What is being asked:
Among the entries that follow, some lines contain the word "ballI". Show all of them.

Data to use:
•••

lemma support_compact:
  fixes G :: "('g, 'b) monoid_scheme" and \<psi> :: "'f::{field,topological_space} \<Rightarrow> complex"
    and \<phi>C \<phi>D :: "'f^'n::finite \<Rightarrow> 'g" and B :: "'f^'n \<Rightarrow> 'f^'n \<Rightarrow> 'f"
  assumes F: "p_adic_field TYPE('f)" and \<psi>: "nontrivial_additive_character \<psi>"
    and G: "group G"
    and C: "C \<subseteq> carrier G" "top_group_iso_onto G X \<phi>C C"
    and D: "D \<subseteq> carrier G" "top_group_iso_onto G X \<phi>D D"
    and B: "F_bilinear B" "nondegenerate_pairing B"
    and K: "open_compact_subgroup G X K" "right_invariant G K f"
    and f: "\<And>x y. f (\<phi>C x \<otimes>\<^bsub>G\<^esub> \<phi>D y) = f (\<phi>C x) * chi (\<phi>D y) * \<psi> (B x y)"
  shows "\<exists>S. S \<subseteq> C \<and> compactin X S \<and> {c \<in> C. f c \<noteq> 0} \<subseteq> S"
proof (cases "{c \<in> C. f c \<noteq> 0} = {}")
  case False
  then obtain x0 where x0: "f (\<phi>C x0) \<noteq> 0"
    using top_group_iso_onto_range[OF C(2)] by (metis (mono_tags, lifting) empty_Collect_eq rangeE)
  define M where "M = (\<chi> i j. B (axis i 1) (axis j 1))"
  have B_eq: "B = pairing_of_matrix M"
    unfolding M_def using B(1) by (rule F_bilinear_eq_pairing_of_matrix)
  have det_M: "det M' \<noteq> 0" if "M' \<in> {M}" for M'
    using B(2) that unfolding B_eq by (simp add: nondegenerate_pairing_of_matrix_imp_det_nonzero)
  obtain Z where Z: "compact Z"
    "\<And>M' z. M' \<in> {M} \<Longrightarrow> (\<forall>y\<in>\<phi>D -` K. \<psi> (pairing_of_matrix M' z y) = 1) \<Longrightarrow> z \<in> Z"
    using pairing_annihilator_bounded[OF F \<psi> open_compact_subgroup_preimage[OF G D K(1)]
        compact_sing[of M] det_M] by blast
  have on_support: "chi (\<phi>D y) * \<psi> (B x y) = 1" if "f (\<phi>C x) \<noteq> 0" "\<phi>D y \<in> K" for x y
    using right_invariant_factor_eq_one[OF K(2) _ _ _ that(1)] C top_group_iso_onto_range that(2)
      f[of x y] by (metis mult.assoc rangeI subsetD)
  have "x - x0 \<in> Z" if "f (\<phi>C x) \<noteq> 0" for x
    using Z(2)[OF singletonI] additive_character_bilinear_diff_eq_one[OF \<psi> B(1)]
      on_support[OF that] on_support[OF x0] unfolding B_eq by blast
  then have "{c \<in> C. f c \<noteq> 0} \<subseteq> \<phi>C ` ((\<lambda>z. x0 + z) ` Z)"
    using top_group_iso_onto_range[OF C(2)] by (force simp: image_image)
  moreover have "compact ((\<lambda>z. x0 + z) ` Z)"
    using Z(1) by (rule compact_continuous_image[OF p_adic_field_continuous_on_translation[OF F]])
  ultimately show ?thesis
    using top_group_iso_onto_compact_image[OF C(2)] by blast
qed blast

lemma support_uniformly_compact:
  fixes G :: "('g, 'b) monoid_scheme" and \<psi> :: "'f::{field,topological_space} \<Rightarrow> complex"
    and \<phi>C \<phi>D :: "'f^'n::finite \<Rightarrow> 'g" and \<Omega> :: "('f^'n^'n) set"
  assumes F: "p_adic_field TYPE('f)" and \<psi>: "nontrivial_additive_character \<psi>"
    and G: "group G"
    and C: "C \<subseteq> carrier G" "top_group_iso_onto G X \<phi>C C"
    and D: "D \<subseteq> carrier G" "top_group_iso_onto G X \<phi>D D"
    and K: "open_compact_subgroup G X K"
    and \<Omega>: "compact \<Omega>" "\<forall>M\<in>\<Omega>. nondegenerate_pairing (pairing_of_matrix M)"
    and U: "subgroup U G" "openin (subtopology X D) U"
  shows "\<exists>S. S \<subseteq> C \<and> compactin X S \<and>
    (\<forall>M\<in>\<Omega>. \<forall>chi (f :: 'g \<Rightarrow> complex). (\<forall>u\<in>U. chi u = 1) \<longrightarrow> right_invariant G K f \<longrightarrow>
       (\<forall>x y. f (\<phi>C x \<otimes>\<^bsub>G\<^esub> \<phi>D y) = f (\<phi>C x) * chi (\<phi>D y) * \<psi> (pairing_of_matrix M x y)) \<longrightarrow>
       {c \<in> C. f c \<noteq> 0} \<subseteq> S)"
proof -
  have "open (\<phi>D -` U)"
    using openin_continuous_map_preimage[OF top_group_iso_onto_continuous_map[OF D(2)] U(2)]
    by (simp add: vimage_def)
  then have L: "open (\<phi>D -` K \<inter> \<phi>D -` U)" "0 \<in> \<phi>D -` K \<inter> \<phi>D -` U"
    using open_compact_subgroup_preimage[OF G D K] top_group_iso_onto_zero[OF G D]
      subgroup.one_closed[OF U(1)] by auto
  have "det M \<noteq> 0" if "M \<in> \<Omega>" for M
    using \<Omega>(2) that by (simp add: nondegenerate_pairing_of_matrix_imp_det_nonzero)
  then obtain Z where Z: "compact Z" "\<And>M z. M \<in> \<Omega> \<Longrightarrow>
      (\<forall>y\<in>\<phi>D -` K \<inter> \<phi>D -` U. \<psi> (pairing_of_matrix M z y) = 1) \<Longrightarrow> z \<in> Z"
    using pairing_annihilator_bounded[OF F \<psi> L \<Omega>(1)] by blast
  show ?thesis
  proof (intro exI[of _ "\<phi>C ` Z"] conjI ballI allI impI)
    show "\<phi>C ` Z \<subseteq> C" "compactin X (\<phi>C ` Z)"
      using top_group_iso_onto_compact_image[OF C(2) Z(1)] by auto
    fix M chi and f :: "'g \<Rightarrow> complex"
    assume M: "M \<in> \<Omega>" and chi: "\<forall>u\<in>U. chi u = 1" and f_inv: "right_invariant G K f"
      and f: "\<forall>x y. f (\<phi>C x \<otimes>\<^bsub>G\<^esub> \<phi>D y) = f (\<phi>C x) * chi (\<phi>D y) * \<psi> (pairing_of_matrix M x y)"
    have "x \<in> Z" if "f (\<phi>C x) \<noteq> 0" for x
    proof (rule Z(2)[OF M], rule ballI)
      fix y assume "y \<in> \<phi>D -` K \<inter> \<phi>D -` U"
      then show "\<psi> (pairing_of_matrix M x y) = 1"
        using right_invariant_factor_eq_one[OF f_inv _ _ _ that] C top_group_iso_onto_range
          f chi by (metis IntD1 IntD2 mult_1_right rangeI subsetD vimageE)
    qed
    then show "{c \<in> C. f c \<noteq> 0} \<subseteq> \<phi>C ` Z"
      using top_group_iso_onto_range[OF C(2)] by auto
  qed
qed

theorem mainTheorem6:
  fixes G :: "('g, 'b) monoid_scheme" and X :: "'g topology"
    and \<psi> :: "'f::{field,topological_space} \<Rightarrow> complex"
    and C D :: "'g set"
    and \<phi>C \<phi>D :: "'f^'m::finite \<Rightarrow> 'g"
  assumes F: "p_adic_field TYPE('f)"
    and psi: "nontrivial_additive_character \<psi>"
    and G0: "lctd_group G X"
    and C: "subgroup C G" "closedin X C" "top_group_iso_onto G X \<phi>C C"
    and D: "subgroup D G" "closedin X D" "top_group_iso_onto G X \<phi>D D"
  shows
    "(\<forall>(B :: 'f^'m \<Rightarrow> 'f^'m \<Rightarrow> 'f) chi (f :: 'g \<Rightarrow> complex).
        F_bilinear B \<longrightarrow> nondegenerate_pairing B \<longrightarrow>
        continuous_character G X D chi \<longrightarrow>
        (\<exists>K. open_compact_subgroup G X K \<and> right_invariant G K f) \<longrightarrow>
        (\<forall>x y. f (\<phi>C x \<otimes>\<^bsub>G\<^esub> \<phi>D y) = f (\<phi>C x) * chi (\<phi>D y) * \<psi> (B x y)) \<longrightarrow>
        (\<exists>S. S \<subseteq> C \<and> compactin X S \<and> {c \<in> C. f c \<noteq> 0} \<subseteq> S))
     \<and>
     (\<forall>K0 (\<Omega> :: ('f^'m^'m) set) U.
        open_compact_subgroup G X K0 \<longrightarrow>
        compact \<Omega> \<longrightarrow> (\<forall>M\<in>\<Omega>. nondegenerate_pairing (pairing_of_matrix M)) \<longrightarrow>
        U \<subseteq> D \<longrightarrow> subgroup U G \<longrightarrow> openin (subtopology X D) U \<longrightarrow> compactin X U \<longrightarrow>
        (\<exists>S. S \<subseteq> C \<and> compactin X S \<and>
          (\<forall>M\<in>\<Omega>. \<forall>chi (f :: 'g \<Rightarrow> complex).
             continuous_character G X D chi \<longrightarrow> (\<forall>u\<in>U. chi u = 1) \<longrightarrow>
             right_invariant G K0 f \<longrightarrow>
             (\<forall>x y. f (\<phi>C x \<otimes>\<^bsub>G\<^esub> \<phi>D y) = f (\<phi>C x) * chi (\<phi>D y) * \<psi> (pairing_of_matrix M x y)) \<longrightarrow>
             {c \<in> C. f c \<noteq> 0} \<subseteq> S)))"
proof -
  have G: "group G"
    using G0 by (simp add: lctd_group_def)
  have C_carrier: "C \<subseteq> carrier G" and D_carrier: "D \<subseteq> carrier G"
    using C(1) D(1) by (simp_all add: subgroup.subset)
  note part1 = support_compact[OF F psi G C_carrier C(3) D_carrier D(3)]
  note part2 = support_uniformly_compact[OF F psi G C_carrier C(3) D_carrier D(3)]
  show ?thesis
  proof (intro conjI allI impI, goal_cases)
    case (1 B chi f)
    then obtain K where K: "open_compact_subgroup G X K" "right_invariant G K f"
      by blast
    show ?case
      by (rule part1[OF 1(1,2) K 1(5)[rule_format]])
  next
    case (2 K0 \<Omega> U)
    from part2[OF 2(1-3) 2(5,6)] show ?case
      by (elim exE conjE, intro exI conjI) (assumption, assumption, blast)
  qed
qed

end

•••

Expected answer:
  proof (intro exI[of _ "\<phi>C ` Z"] conjI ballI allI impI)
    proof (rule Z(2)[OF M], rule ballI)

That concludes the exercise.